(* Let $G=(S,T,\pi)$ be a countable two-person win-lose game such that the family $\mathcal{B}^1_{\downarrow}(G)$ is ascending-union closed. Then for every $\mathbf{q}\in\Delta(T)$ the supremum $\sup_{\mathbf{p}\in\Delta(S)}\pi^{\mathrm{mix}}(\mathbf{p},\mathbf{q})$ is attained, the supremum $\sup_{\mathbf{p}\in\Delta(S)}\inf_{\mathbf{q}\in\Delta(T)}\pi^{\mathrm{mix}}(\mathbf{p},\mathbf{q})$ is attained, and $$\max_{\mathbf{p}\in\Delta(S)}\inf_{\mathbf{q}\in\Delta(T)}\pi^{\mathrm{mix}}(\mathbf{p},\mathbf{q})=\inf_{\mathbf{q}\in\Delta(T)}\max_{\mathbf{p}\in\Delta(S)}\pi^{\mathrm{mix}}(\mathbf{p},\mathbf{q}).$$
   Context: A two-person win-lose game is a triple $G=(S,T,\pi)$ where $S,T$ are non-empty sets (possibly infinite) and $\pi:S\times T\to\{0,1\}$. It is countable if $|S|=|T|=\aleph_0$. For a set $X$, $\Delta(X)$ denotes the set of probability distributions $\mathbf{p}=(p_x)_{x\in X}$ on $X$ with at most countable support ($p_x\ge 0$, $\sum_x p_x=1$). For $\mathbf{p}\in\Delta(S)$, $\mathbf{q}\in\Delta(T)$, $\pi^{\mathrm{mix}}(\mathbf{p},\mathbf{q})=\sum_{s,t}p_sq_t\pi(s,t)$. For $s\in S$ let $B_s=\{t\in T:\pi(s,t)=1\}$, let $\mathcal{B}^1(G)=\{B_s:s\in S\}$, and let $\mathcal{B}^1_{\downarrow}(G)=\{A\subseteq T:\exists s\in S,\ A\subseteq B_s\}$. A family $\mathcal{F}$ of sets is ascending-union closed if whenever $A_i\in\mathcal{F}$ for $i=1,2,\ldots$ and $A_1\subset A_2\subset\cdots$, then $\bigcup_{i=1}^\infty A_i\in\mathcal{F}$. *)

theory Defs
  imports "HOL-Analysis.Analysis"
begin

definition win_lose_game :: "'a set \<Rightarrow> 'b set \<Rightarrow> ('a \<Rightarrow> 'b \<Rightarrow> real) \<Rightarrow> bool" where
  "win_lose_game S T \<pi> \<longleftrightarrow> S \<noteq> {} \<and> T \<noteq> {} \<and> (\<forall>s\<in>S. \<forall>t\<in>T. \<pi> s t \<in> {0, 1})"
************
▶ [ACTION ITEM] Could you write out every entry above exactly as it appears?

▶ [WRITTEN RESPONSE]
(* Let $G=(S,T,\pi)$ be a countable two-person win-lose game such that the family $\mathcal{B}^1_{\downarrow}(G)$ is ascending-union closed. Then for every $\mathbf{q}\in\Delta(T)$ the supremum $\sup_{\mathbf{p}\in\Delta(S)}\pi^{\mathrm{mix}}(\mathbf{p},\mathbf{q})$ is attained, the supremum $\sup_{\mathbf{p}\in\Delta(S)}\inf_{\mathbf{q}\in\Delta(T)}\pi^{\mathrm{mix}}(\mathbf{p},\mathbf{q})$ is attained, and $$\max_{\mathbf{p}\in\Delta(S)}\inf_{\mathbf{q}\in\Delta(T)}\pi^{\mathrm{mix}}(\mathbf{p},\mathbf{q})=\inf_{\mathbf{q}\in\Delta(T)}\max_{\mathbf{p}\in\Delta(S)}\pi^{\mathrm{mix}}(\mathbf{p},\mathbf{q}).$$
   Context: A two-person win-lose game is a triple $G=(S,T,\pi)$ where $S,T$ are non-empty sets (possibly infinite) and $\pi:S\times T\to\{0,1\}$. It is countable if $|S|=|T|=\aleph_0$. For a set $X$, $\Delta(X)$ denotes the set of probability distributions $\mathbf{p}=(p_x)_{x\in X}$ on $X$ with at most countable support ($p_x\ge 0$, $\sum_x p_x=1$). For $\mathbf{p}\in\Delta(S)$, $\mathbf{q}\in\Delta(T)$, $\pi^{\mathrm{mix}}(\mathbf{p},\mathbf{q})=\sum_{s,t}p_sq_t\pi(s,t)$. For $s\in S$ let $B_s=\{t\in T:\pi(s,t)=1\}$, let $\mathcal{B}^1(G)=\{B_s:s\in S\}$, and let $\mathcal{B}^1_{\downarrow}(G)=\{A\subseteq T:\exists s\in S,\ A\subseteq B_s\}$. A family $\mathcal{F}$ of sets is ascending-union closed if whenever $A_i\in\mathcal{F}$ for $i=1,2,\ldots$ and $A_1\subset A_2\subset\cdots$, then $\bigcup_{i=1}^\infty A_i\in\mathcal{F}$. *)

theory Defs
  imports "HOL-Analysis.Analysis"
begin

definition win_lose_game :: "'a set \<Rightarrow> 'b set \<Rightarrow> ('a \<Rightarrow> 'b \<Rightarrow> real) \<Rightarrow> bool" where
  "win_lose_game S T \<pi> \<longleftrightarrow> S \<noteq> {} \<and> T \<noteq> {} \<and> (\<forall>s\<in>S. \<forall>t\<in>T. \<pi> s t \<in> {0, 1})"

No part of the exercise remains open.